START DATA PROVIDED

lemma image_exp_neg_divide_Ioi:
  fixes c :: real
  assumes "c > 0"
  shows "(\<lambda>t. exp (- t / c)) ` {0<..} = {0<..<1}"
proof
  show "(\<lambda>t. exp (- t / c)) ` {0<..} \<subseteq> {0<..<1}"
    using assms by auto
  show "{0<..<1} \<subseteq> (\<lambda>t. exp (- t / c)) ` {0<..}"
  proof
    fix x :: real
    assume x: "x \<in> {0<..<1}"
    then have "x = exp (- (- c * ln x) / c)" and "- c * ln x \<in> {0<..}"
      using assms by (auto simp: mult_pos_neg)
    then show "x \<in> (\<lambda>t. exp (- t / c)) ` {0<..}"
      by (rule image_eqI)
  qed
qed

lemma neg_ln_powr_integral:
  fixes c :: real and w :: complex
  assumes c: "c > 0" and w: "Re w > -1"
  shows "(\<lambda>x. complex_of_real (- ln x) powr w * complex_of_real (x powr (c - 1)))
           absolutely_integrable_on {0<..<1}"
    and "(LINT x:{0<..<1}|lebesgue. complex_of_real (- ln x) powr w * complex_of_real (x powr (c - 1)))
           = Gamma (w + 1) / complex_of_real c powr (w + 1)"
proof -
  define F where "F x = complex_of_real (- ln x) powr w * complex_of_real (x powr (c - 1))" for x
  define G where "G t = complex_of_real t powr (w + 1 - 1) / complex_of_real (exp t)
                          / complex_of_real c powr (w + 1)" for t
  have Rw: "Re (w + 1) > 0"
    using w by simp
  have G_eq: "G t = \<bar>- exp (- t / c) / c\<bar> *\<^sub>R F (exp (- t / c))" if "t \<in> {0<..}" for t
    using neg_ln_powr_exp_substitution[OF c, of t w] that c
    by (simp add: G_def F_def scaleR_conv_of_real)
  have der: "((\<lambda>t. exp (- t / c)) has_field_derivative - exp (- t / c) / c) (at t within {0<..})"
    for t
    using c by (auto intro!: derivative_eq_intros)
  have inj: "inj_on (\<lambda>t. exp (- t / c)) {0<..}"
    using c by (auto simp: inj_on_def)
  have "G absolutely_integrable_on {0<..}"
    unfolding G_def by (intro set_integrable_divide absolutely_integrable_Gamma_integral' Rw)
  then have "(\<lambda>t. \<bar>- exp (- t / c) / c\<bar> *\<^sub>R F (exp (- t / c))) absolutely_integrable_on {0<..}"
    by (rule set_integrable_cong[THEN iffD1, rotated -1]) (simp_all add: G_eq)
  moreover have "integral {0<..} (\<lambda>t. \<bar>- exp (- t / c) / c\<bar> *\<^sub>R F (exp (- t / c)))
      = Gamma (w + 1) / complex_of_real c powr (w + 1)"
  proof -
    have "integral {0<..} G = Gamma (w + 1) / complex_of_real c powr (w + 1)"
      unfolding G_def by (intro integral_unique has_integral_divide Gamma_integral_complex' Rw)
    then show ?thesis
      by (metis (no_types, lifting) G_eq integral_cong)
  qed
  ultimately have "F absolutely_integrable_on (\<lambda>t. exp (- t / c)) ` {0<..}
      \<and> integral ((\<lambda>t. exp (- t / c)) ` {0<..}) F = Gamma (w + 1) / complex_of_real c powr (w + 1)"
    using has_absolute_integral_change_of_variables_real[OF _ der inj, of F] by auto
  then show "F absolutely_integrable_on {0<..<1}"
    and "(LINT x:{0<..<1}|lebesgue. F x) = Gamma (w + 1) / complex_of_real c powr (w + 1)"
    unfolding image_exp_neg_divide_Ioi[OF c] by (simp_all add: set_lebesgue_integral_eq_integral)
qed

END DATA PROVIDED

### ASSIGNMENT
Return each line of the data that contains the string "LINT".

### EXERCISE SOLUTION
    and "(LINT x:{0<..<1}|lebesgue. complex_of_real (- ln x) powr w * complex_of_real (x powr (c - 1)))
    and "(LINT x:{0<..<1}|lebesgue. F x) = Gamma (w + 1) / complex_of_real c powr (w + 1)"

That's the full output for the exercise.